**Assignment:** Could you restate the entries below word for word?
□ □ □
(* Let $X,Y$ be real Hilbert spaces, let $A\in\mathcal{L}(X,Y)$ be a compact operator with singular system $\{(\sigma_i,u_i,v_i)\}_i$, and let $\alpha>0$. Let $B_\alpha=\sum_i\beta_i^\alpha v_iu_i^*$ with $\beta_i^\alpha=\frac{\sigma_i}{2}+\sqrt{\frac{\sigma_i^2}{4}-\alpha}$ if $\sigma_i\ge 2\sqrt\alpha$ and $\beta_i^\alpha=\sqrt\alpha$ if $\sigma_i<2\sqrt\alpha$, and define $K_\alpha:Y\to X$ by $$K_\alpha(y)=x(B_\alpha,y)=(B_\alpha^*B_\alpha+\alpha I)^{-1}B_\alpha^*y .$$ Then $K_\alpha(y)=\sum_i \frac{F_\alpha(\sigma_i)}{\sigma_i}\langle y,v_i\rangle\,u_i$ for all $y\in Y$, where $$F_\alpha(\sigma)=\begin{cases}1, & \sigma\ge 2\sqrt\alpha,\\ \frac{\sigma}{2\sqrt\alpha}, & \sigma<2\sqrt\alpha,\end{cases}$$ and $(K_\alpha)_{\alpha>0}$ is an order optimal regularization method with filter $F_\alpha$: for every $\nu>0$ there exist constants $\gamma,c_1,c_2,c_3>0$ (independent of $\alpha$) such that for all $\alpha>0$: (1) $\sup_{\sigma>0}|F_\alpha(\sigma)\sigma^{-1}|\le c_1\alpha^{-\gamma}$; (2) $\sup_{\sigma>0}|1-F_\alpha(\sigma)|\sigma^{\nu}<c_2\alpha^{\gamma\nu}$; (3) $|F_\alpha(\sigma)|\le c_3$ for all $\sigma>0$.
   Context: A singular system of the compact operator $A$ means: $\sigma_i>0$, $\{u_i\}$ orthonormal in $X$, $\{v_i\}$ orthonormal in $Y$, $Au_i=\sigma_i v_i$, $A^*v_i=\sigma_i u_i$, $A=\sum_i\sigma_iv_iu_i^*$. For $v\in Y,u\in X$, $vu^*$ denotes the map $x\mapsto\langle u,x\rangle v$. $x(B,y)$ is the unique minimizer of $\tfrac12\|Bx-y\|^2+\tfrac\alpha2\|x\|^2$. The conditions (1)–(3) are the paper's (standard filter-based) definition of an order optimal regularization filter for source exponent $\nu$. *)

theory Defs
  imports "HOL-Analysis.Analysis"
begin

definition compact_operator :: "('a::real_normed_vector \<Rightarrow> 'b::real_normed_vector) \<Rightarrow> bool" where
  "compact_operator A \<longleftrightarrow> bounded_linear A \<and> compact (closure (A ` ball 0 1))"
□ □ □
**Task output:**
(* Let $X,Y$ be real Hilbert spaces, let $A\in\mathcal{L}(X,Y)$ be a compact operator with singular system $\{(\sigma_i,u_i,v_i)\}_i$, and let $\alpha>0$. Let $B_\alpha=\sum_i\beta_i^\alpha v_iu_i^*$ with $\beta_i^\alpha=\frac{\sigma_i}{2}+\sqrt{\frac{\sigma_i^2}{4}-\alpha}$ if $\sigma_i\ge 2\sqrt\alpha$ and $\beta_i^\alpha=\sqrt\alpha$ if $\sigma_i<2\sqrt\alpha$, and define $K_\alpha:Y\to X$ by $$K_\alpha(y)=x(B_\alpha,y)=(B_\alpha^*B_\alpha+\alpha I)^{-1}B_\alpha^*y .$$ Then $K_\alpha(y)=\sum_i \frac{F_\alpha(\sigma_i)}{\sigma_i}\langle y,v_i\rangle\,u_i$ for all $y\in Y$, where $$F_\alpha(\sigma)=\begin{cases}1, & \sigma\ge 2\sqrt\alpha,\\ \frac{\sigma}{2\sqrt\alpha}, & \sigma<2\sqrt\alpha,\end{cases}$$ and $(K_\alpha)_{\alpha>0}$ is an order optimal regularization method with filter $F_\alpha$: for every $\nu>0$ there exist constants $\gamma,c_1,c_2,c_3>0$ (independent of $\alpha$) such that for all $\alpha>0$: (1) $\sup_{\sigma>0}|F_\alpha(\sigma)\sigma^{-1}|\le c_1\alpha^{-\gamma}$; (2) $\sup_{\sigma>0}|1-F_\alpha(\sigma)|\sigma^{\nu}<c_2\alpha^{\gamma\nu}$; (3) $|F_\alpha(\sigma)|\le c_3$ for all $\sigma>0$.
   Context: A singular system of the compact operator $A$ means: $\sigma_i>0$, $\{u_i\}$ orthonormal in $X$, $\{v_i\}$ orthonormal in $Y$, $Au_i=\sigma_i v_i$, $A^*v_i=\sigma_i u_i$, $A=\sum_i\sigma_iv_iu_i^*$. For $v\in Y,u\in X$, $vu^*$ denotes the map $x\mapsto\langle u,x\rangle v$. $x(B,y)$ is the unique minimizer of $\tfrac12\|Bx-y\|^2+\tfrac\alpha2\|x\|^2$. The conditions (1)–(3) are the paper's (standard filter-based) definition of an order optimal regularization filter for source exponent $\nu$. *)

theory Defs
  imports "HOL-Analysis.Analysis"
begin

definition compact_operator :: "('a::real_normed_vector \<Rightarrow> 'b::real_normed_vector) \<Rightarrow> bool" where
  "compact_operator A \<longleftrightarrow> bounded_linear A \<and> compact (closure (A ` ball 0 1))"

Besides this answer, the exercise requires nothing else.